As the name implies, a charitable LLC is a limited liability company. Its primary advantage is that it generally provides donors with greater flexibility and control than do traditional tax-exempt entities. LLCs are not bound by some of the regulations that typically govern more-common philanthropic vehicles, including rules on required distributions, public disclosures, investment holdings and political involvement. Among the more notable adherents of the LLC model are Facebook founder Mark Zuckerberg and his wife, Priscilla, who use an LLC as their primary philanthropic vehicle, and Laurene Powell Jobs, the widow of Apple co-founder Steve Jobs, who created an LLC known as Emerson Collective.
As with any type of charitable-gifting mechanism, LLCs involve trade-offs, and they must be examined carefully in the context of overall philanthropic and financial strategies. One of the most notable trade-offs is that LLCs are not technically charitable vehicles and do not offer tax advantages per se. In contrast to other types of vehicles, for example, donor contributions to LLCs do not provide immediate charitable deductions. Instead, deductions come later when the LLC itself disburses money. Nevertheless, the convenience and freedom can make an LLC an appealing choice for donors in some situations.
Among the most compelling features of a charitable LLC is that there is less paperwork involved — and less public disclosure required — than with other charitable vehicles. For tax purposes, an LLC is a pass-through entity, meaning that all financial activity passes through to its owner. LLCs don’t have to submit annual 990-PF forms, which are public documents that list, among other facts, the compensation of top executives and independent contractors. Thus, LLCs can be particularly attractive to those seeking a high degree of personal privacy.
There are no annual distribution requirements with LLCs. That stands in contrast to family foundations, which must give away at least 5% of their net investment assets each year. LLCs also are not subject to so-called self-dealing restrictions that prohibit foundations from holding more than 20% of a single stock. That gives donors much more leeway to invest in a family-owned business or in entities that are considered to be speculative in nature. And unlike family foundations, LLCs are allowed to lobby government officials on behalf of their causes and make financial contributions to political campaigns.
The logistical benefits of LLCs must be considered alongside their relative disadvantages — starting with the fact that LLCs don’t carry tax benefits. One of their most notable drawbacks is their lack of up-front tax deductibility. Contributions to public charities, donor-advised funds and foundations all are deductible the moment a donor makes a gift. That’s not the case with an LLC; deductions apply only when the entity itself disburses money to a qualified 501(c)(3).
If charitable LLCs don’t carry immediate tax benefits, why not just give directly to charities? The answer lies primarily with an LLC’s intangible benefits. First, an LLC can, in effect, be the “entity” through which a family carries out its philanthropic objectives. This work might include research, due diligence and the administration of implementing multiple grants over time. A private foundation can accomplish these tasks as well but comes with additional restrictions, including the minimum distribution requirement, self-dealing prohibitions and reporting obligations.

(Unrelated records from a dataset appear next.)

lemma cp_inj_neg:
  assumes "a \<in> pcarrier (P j)"
  shows "cp_inj I P j (pneg (P j) a) = pneg CP (cp_inj I P j a)"
proof (cases "a = pzero (P j)")
  case True
  then show ?thesis
    by (simp add: cp_inj_eq coprod_neg_empty pasture_neg_zero[OF pasture_factor[OF j]])
next
  case False
  have "cp_inj I P j (pneg (P j) a) = cls (fam_one(j := pneg (P j) a))"
    using False pasture_neg_neq_zero[OF pasture_factor[OF j] assms] by (simp add: cp_inj_eq)
  also have "\<dots> = cls (fam_flip j (fam_one(j := a)))"
    by (simp add: fam_flip_def)
  also have "\<dots> = pneg CP (cls (fam_one(j := a)))"
    using coprod_neg_class_flip fam_one_upd_in_fams assms False j by simp
  also have "\<dots> = pneg CP (cp_inj I P j a)"
    using False by (simp add: cp_inj_eq)
  finally show ?thesis .
qed

lemma cp_inj_null_nonzero:
  assumes "(a, b, c) \<in> pnull (P j)" "a \<noteq> pzero (P j)" "b \<noteq> pzero (P j)" "c \<noteq> pzero (P j)"
  shows "(cp_inj I P j a, cp_inj I P j b, cp_inj I P j c) \<in> pnull CP"
  using pasture_null_in_carrier[OF pasture_factor[OF j] assms(1)] assms j
  by (simp add: cp_inj_eq coprod_null_classI fam_one_upd_in_fams fam_null_fun_upd)

lemma pasture_hom_cp_inj: "pasture_hom (P j) CP (cp_inj I P j)"
proof (rule pasture_homI[OF pasture_factor[OF j] pasture_coprod])
  show "cp_inj I P j (pzero (P j)) = pzero CP"
    by (simp add: cp_inj_eq coprod_zero)
  have "fam_one(j := pone (P j)) = fam_one"
    using j by (simp add: fam_one_def fun_upd_idem)
  then show "cp_inj I P j (pone (P j)) = pone CP"
    using pasture_one_neq_zero[OF pasture_factor[OF j]] by (simp add: cp_inj_eq coprod_one)
qed (fact cp_inj_closed cp_inj_mult cp_inj_neg cp_inj_null_nonzero)+

end

end

theorem lemma7p3:
  fixes I :: "'i set" and P :: "'i \<Rightarrow> 'a pasture"
  assumes "\<forall>i\<in>I. pasture (P i)"
  shows "pasture (coprod I P) \<and> (\<forall>j\<in>I. pasture_hom (P j) (coprod I P) (cp_inj I P j))"
proof -
  interpret pasture_family I P
    using assms by unfold_locales blast
  show ?thesis using pasture_coprod pasture_hom_cp_inj by blast
qed

end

Second, an LLC enables family members who are actively engaged with the charitable work to be compensated as employees. Finally, an LLC can be used in conjunction with direct giving, a donor-advised fund or even a private foundation, if desired. This may be especially appealing for investors who want to create a legacy with large, private holdings but prefer the simplicity of non-LLC vehicles or need the up-front tax deduction.
Of course, tax rules are complex and can have diverse applications for different individuals. It’s extremely important for people considering charitable vehicles to consult with their tax and legal advisors before pursuing any strategies. Our Wealth Advisory Group can help with the decision-making process through a customized planning analysis. Please contact your Investment Counselor for more information.
The above article originally appeared in the Spring 2019 issue of Quarterly Insights magazine.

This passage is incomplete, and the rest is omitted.